On February 24, the Pentagon said it would shrink the U.S. Army to pre-World War Two levels, and reduce military benefits in order to meet 2015 spending caps, setting up an election-year fight with the Congress over national defense priorities. Defense Secretary Chuck Hagel, previewing the Pentagon's ideas on how to adapt to government belt-tightening, said the defense budget due out next week would be the first to look beyond 13 years of conflict, shifting away from the long-term ground wars like Iraq and Afghanistan.
Seventy two percent of Raytheon's revenues came from the U.S. military in 2013 (73% in 2012 and 74% in 2011), though international orders have been an area of strength in recent periods, and are expected to represent about 30% of 2014 sales.
Raytheon operates in four reportable segments: Integrated Defense Systems, Intelligence, Information and Services, Missile Systems and Space and Airborne Systems.

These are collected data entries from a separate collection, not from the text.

(* Let $\gamma,z\in\mathbb{R}$ with $1+\gamma z>0$, and let $D(\gamma,z)=\int_0^z\frac{t}{(1+\gamma t)^2}\,dt$. If $\gamma z>0$, then \[D(\gamma,z)\le\frac{z^2}{2}\quad\text{and}\quad D(\gamma,z)\le\frac1\gamma\log(1+\gamma z)\frac{z}{1+\gamma z}\le\min\Big\{\frac{z^2}{1+\gamma z},\ \frac1{\gamma^2}\log(1+\gamma z)\Big\}.\] If $-1<\gamma z<0$, then $D(\gamma,z)\le\frac{z^2}{1+\gamma z}$. Consequently, for all $\gamma,z$ with $1+\gamma z>0$, $0\le D(\gamma,z)\le \frac{z^2}{1+\gamma z}$.
   Context: $D(\gamma,z)$ equals $\partial_\gamma\log u_\gamma(z)$, where $u_\gamma(z)=\exp(-\int_0^z(1+\gamma t)^{-1}dt)$, i.e. $(1+\gamma z)^{-1/\gamma}$ for $\gamma\ne0$ and $e^{-z}$ for $\gamma=0$. *)

theory Defs
  imports "HOL-Analysis.Analysis"
begin

definition D :: "real \<Rightarrow> real \<Rightarrow> real" where
  "D \<gamma> z = (if 0 \<le> z then integral {0..z} (\<lambda>t. t / (1 + \<gamma> * t)^2)
              else - integral {z..0} (\<lambda>t. t / (1 + \<gamma> * t)^2))"

end

theory Submission
  imports Defs
begin

text \<open>
  The integrand has the explicit primitive \<open>(ln (1 + \<gamma> t) + 1 / (1 + \<gamma> t)) / \<gamma>\<^sup>2\<close>, so for
  \<open>\<gamma> \<noteq> 0\<close> and \<open>u = \<gamma> z\<close> one has \<open>\<gamma>\<^sup>2 D(\<gamma>, z) = ln (1 + u) - u / (1 + u)\<close>.
  Every claimed bound, after multiplying by \<open>\<gamma>\<^sup>2\<close>, becomes an elementary inequality
  in \<open>u > -1\<close>, which follows from \<open>u / (1 + u) \<le> ln (1 + u) \<le> u\<close>, except
  \<open>ln (1 + u) - u / (1 + u) \<le> u\<^sup>2 / 2\<close> for \<open>u \<ge> 0\<close>, which is a monotonicity argument.
\<close>

definition D_primitive :: "real \<Rightarrow> real \<Rightarrow> real" where
  "D_primitive \<gamma> t =
     (if \<gamma> = 0 then t\<^sup>2 / 2 else (ln (1 + \<gamma> * t) + 1 / (1 + \<gamma> * t)) / \<gamma>\<^sup>2)"

lemma has_real_derivative_D_primitive:
  assumes "1 + \<gamma> * t > 0"
  shows "(D_primitive \<gamma> has_real_derivative t / (1 + \<gamma> * t)\<^sup>2) (at t)"
proof (cases "\<gamma> = 0")
  case True
  have "((\<lambda>t. t\<^sup>2 / 2) has_real_derivative t) (at t)"
    by (auto intro!: derivative_eq_intros)
  then show ?thesis
    using True by (simp add: D_primitive_def[abs_def])
next
  case False
  have "((\<lambda>t. (ln (1 + \<gamma> * t) + 1 / (1 + \<gamma> * t)) / \<gamma>\<^sup>2) has_real_derivative
          (\<gamma> / (1 + \<gamma> * t) - \<gamma> / (1 + \<gamma> * t)\<^sup>2) / \<gamma>\<^sup>2) (at t)"
    using assms False by (auto intro!: derivative_eq_intros simp: power2_eq_square)
  moreover have "(\<gamma> / w - \<gamma> / w\<^sup>2) / \<gamma>\<^sup>2 = ((w - 1) / \<gamma>) / w\<^sup>2" if "w > 0" for w
    using that False by (simp add: field_simps power2_eq_square)
  moreover have "D_primitive \<gamma> = (\<lambda>t. (ln (1 + \<gamma> * t) + 1 / (1 + \<gamma> * t)) / \<gamma>\<^sup>2)"
    using False by (simp add: D_primitive_def[abs_def])
  ultimately show ?thesis
    using assms False by (simp del: divide_divide_eq_left)
qed

lemma integral_D_integrand:
  assumes "a \<le> b" and "\<And>t. t \<in> {a..b} \<Longrightarrow> 1 + \<gamma> * t > 0"
  shows "integral {a..b} (\<lambda>t. t / (1 + \<gamma> * t)\<^sup>2) = D_primitive \<gamma> b - D_primitive \<gamma> a"
proof (rule integral_unique, rule fundamental_theorem_of_calculus[OF assms(1)])
  fix t assume "t \<in> {a..b}"
  then show "(D_primitive \<gamma> has_vector_derivative t / (1 + \<gamma> * t)\<^sup>2) (at t within {a..b})"
    using has_real_derivative_D_primitive assms(2)
    by (metis has_field_derivative_at_within has_real_derivative_iff_has_vector_derivative)
qed

lemma one_plus_mult_pos_on_segment:
  fixes \<gamma> z t :: real
  assumes "1 + \<gamma> * z > 0" and "t \<in> closed_segment 0 z"
  shows "1 + \<gamma> * t > 0"
proof -
  obtain s where s: "0 \<le> s" "s \<le> 1" "t = s * z"
    using assms(2) by (auto simp: closed_segment_def)
  have "1 + \<gamma> * t = (1 - s) + s * (1 + \<gamma> * z)"
    using s(3) by (simp add: algebra_simps)
  also have "\<dots> > 0"
    using s(1,2) assms(1) by (cases "s = 0") (auto intro: add_nonneg_pos)
  finally show ?thesis .
qed

lemma D_eq_D_primitive:
  assumes "1 + \<gamma> * z > 0"
  shows "D \<gamma> z = D_primitive \<gamma> z - D_primitive \<gamma> 0"
  using integral_D_integrand[of 0 z \<gamma>] integral_D_integrand[of z 0 \<gamma>]
    one_plus_mult_pos_on_segment[OF assms]
  by (auto simp: D_def closed_segment_eq_real_ivl split: if_splits)

lemma D_zero_left: "D 0 z = z\<^sup>2 / 2"
  using D_eq_D_primitive[of 0 z] by (simp add: D_primitive_def)

lemma D_eq_ln:
  assumes "1 + \<gamma> * z > 0" and "\<gamma> \<noteq> 0"
  shows "D \<gamma> z = (ln (1 + \<gamma> * z) - \<gamma> * z / (1 + \<gamma> * z)) / \<gamma>\<^sup>2"
proof -
  have "D \<gamma> z = (ln (1 + \<gamma> * z) + (1 / (1 + \<gamma> * z) - 1)) / \<gamma>\<^sup>2"
    using D_eq_D_primitive[OF assms(1)] assms(2)
    by (simp add: D_primitive_def diff_divide_distrib add_divide_distrib)
  moreover have "1 / (1 + \<gamma> * z) - 1 = - (\<gamma> * z / (1 + \<gamma> * z))"
    using assms(1) by (simp add: field_simps)
  ultimately show ?thesis
    by simp
qed

lemma ln_one_plus_minus_frac_nonneg:
  fixes u :: real
  assumes "u > -1"
  shows "0 \<le> ln (1 + u) - u / (1 + u)"
proof -
  have "ln (1 / (1 + u)) \<le> 1 / (1 + u) - 1"
    using assms by (intro ln_le_minus_one) auto
  moreover have "ln (1 / (1 + u)) = - ln (1 + u)"
    using assms by (simp add: ln_div)
  moreover have "1 / (1 + u) - 1 = - (u / (1 + u))"
    using assms by (simp add: field_simps)
  ultimately show ?thesis
    by linarith
qed

lemma ln_one_plus_minus_frac_le_ln_mult_frac:
  fixes u :: real
  assumes "u > -1"
  shows "ln (1 + u) - u / (1 + u) \<le> ln (1 + u) * (u / (1 + u))"
proof -
  have "ln (1 + u) - u / (1 + u) = (ln (1 + u) * (1 + u) - u) / (1 + u)"
    using assms by (simp add: field_simps)
  also have "\<dots> \<le> ln (1 + u) * u / (1 + u)"
    using ln_add_one_self_le_self2[OF assms] assms by (intro divide_right_mono) (auto simp: algebra_simps)
  finally show ?thesis
    by simp
qed

lemma ln_one_plus_minus_frac_le_square_frac:
  fixes u :: real
  assumes "u > -1"
  shows "ln (1 + u) - u / (1 + u) \<le> u\<^sup>2 / (1 + u)"
proof -
  have "ln (1 + u) - u / (1 + u) = (ln (1 + u) * (1 + u) - u) / (1 + u)"
    using assms by (simp add: field_simps)
  also have "\<dots> \<le> (u * (1 + u) - u) / (1 + u)"
    using ln_add_one_self_le_self2[OF assms] assms by (intro divide_right_mono) auto
  also have "\<dots> = u\<^sup>2 / (1 + u)"
    by (simp add: algebra_simps power2_eq_square)
  finally show ?thesis .
qed

lemma ln_one_plus_minus_frac_le_half_square:
  fixes u :: real
  assumes "u \<ge> 0"
  shows "ln (1 + u) - u / (1 + u) \<le> u\<^sup>2 / 2"
proof -
  let ?h = "\<lambda>u::real. u\<^sup>2 / 2 - ln (1 + u) + u / (1 + u)"
  have "?h 0 \<le> ?h u"
  proof (rule DERIV_nonneg_imp_nondecreasing[OF assms])
    fix x :: real assume x: "0 \<le> x" "x \<le> u"
    have "(?h has_real_derivative x - 1 / (1 + x) + 1 / (1 + x)\<^sup>2) (at x)"
      using x by (auto intro!: derivative_eq_intros simp: power2_eq_square field_simps)
    moreover have "x - 1 / w + 1 / w\<^sup>2 = x - x / w\<^sup>2" if "w > 0" "x = w - 1" for w
      using that by (simp add: field_simps power2_eq_square)
    then have "x - 1 / (1 + x) + 1 / (1 + x)\<^sup>2 = x - x / (1 + x)\<^sup>2"
      using x by simp
    moreover have "x / (1 + x)\<^sup>2 \<le> x"
      using x by (simp add: divide_le_eq one_le_power mult_le_cancel_left1)
    ultimately show "\<exists>y. (?h has_real_derivative y) (at x) \<and> 0 \<le> y"
      by (metis diff_ge_0_iff_ge)
  qed
  then show ?thesis
    by simp
qed

lemma ln_mult_frac_le_square_frac:
  fixes u :: real
  assumes "u \<ge> 0"
  shows "ln (1 + u) * (u / (1 + u)) \<le> u\<^sup>2 / (1 + u)"
  using mult_right_mono[OF ln_add_one_self_le_self[OF assms], of "u / (1 + u)"] assms
  by (simp add: power2_eq_square)

lemma ln_mult_frac_le_ln:
  fixes u :: real
  assumes "u \<ge> 0"
  shows "ln (1 + u) * (u / (1 + u)) \<le> ln (1 + u)"
  using mult_left_le[of "u / (1 + u)" "ln (1 + u)"] assms by simp

theorem lemmaB1:
  fixes \<gamma> z :: real
  assumes "1 + \<gamma> * z > 0"
  shows "(\<gamma> * z > 0 \<longrightarrow>
            D \<gamma> z \<le> z^2 / 2 \<and>
            D \<gamma> z \<le> (1 / \<gamma>) * ln (1 + \<gamma> * z) * (z / (1 + \<gamma> * z)) \<and>
            (1 / \<gamma>) * ln (1 + \<gamma> * z) * (z / (1 + \<gamma> * z))
              \<le> min (z^2 / (1 + \<gamma> * z)) ((1 / \<gamma>^2) * ln (1 + \<gamma> * z)))
       \<and> (-1 < \<gamma> * z \<and> \<gamma> * z < 0 \<longrightarrow> D \<gamma> z \<le> z^2 / (1 + \<gamma> * z))
       \<and> (0 \<le> D \<gamma> z \<and> D \<gamma> z \<le> z^2 / (1 + \<gamma> * z))"
proof (cases "\<gamma> = 0")
  case True
  then show ?thesis
    by (simp add: D_zero_left)
next
  case False
  define u where "u = \<gamma> * z"
  have u: "u > -1"
    using assms by (simp add: u_def)
  have scale: "a / \<gamma>\<^sup>2 \<le> b / \<gamma>\<^sup>2" if "a \<le> b" for a b
    using that by (simp add: divide_right_mono)
  have D_u: "D \<gamma> z = (ln (1 + u) - u / (1 + u)) / \<gamma>\<^sup>2"
    using D_eq_ln[OF assms False] by (simp add: u_def)
  have "z\<^sup>2 = u\<^sup>2 / \<gamma>\<^sup>2"
    using False by (simp add: u_def field_simps)
  then have half_square: "z\<^sup>2 / 2 = (u\<^sup>2 / 2) / \<gamma>\<^sup>2"
    and square_frac: "z\<^sup>2 / (1 + u) = (u\<^sup>2 / (1 + u)) / \<gamma>\<^sup>2"
    by simp_all
  have "(1 / \<gamma>) * L * (z / w) = L * (u / w) / \<gamma>\<^sup>2" if "w \<noteq> 0" for L w
    using that False by (simp add: u_def field_simps power2_eq_square)
  then have ln_mult_frac: "(1 / \<gamma>) * ln (1 + u) * (z / (1 + u)) = ln (1 + u) * (u / (1 + u)) / \<gamma>\<^sup>2"
    using u by simp
  have min_scaled: "min (a / \<gamma>\<^sup>2) ((1 / \<gamma>\<^sup>2) * b) = min a b / \<gamma>\<^sup>2" for a b
    by (simp add: min_divide_distrib_right)
  show ?thesis
    unfolding u_def[symmetric] D_u half_square square_frac ln_mult_frac min_scaled
    using False ln_one_plus_minus_frac_nonneg[OF u] ln_one_plus_minus_frac_le_square_frac[OF u]
      ln_one_plus_minus_frac_le_ln_mult_frac[OF u] ln_one_plus_minus_frac_le_half_square[of u]
      ln_mult_frac_le_square_frac[of u] ln_mult_frac_le_ln[of u]
    by (intro conjI impI scale divide_nonneg_pos) auto
qed

end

A comparison between the different segment's revenue in 2013 to that of 2012 is shown in the chart below.
Source: company's reports
The Space and Airborne Systems segment showed the highest sales decline in 2013, sales were $6,371 million, a 6.6% decrease from $6,823 million in 2012. Operating margin was at 14.4% in 2013 and 14.5% in 2012. Operating margin improved in the fourth quarter of 2013 to 15.7% this compared to 15.5% in the fourth quarter of 2012.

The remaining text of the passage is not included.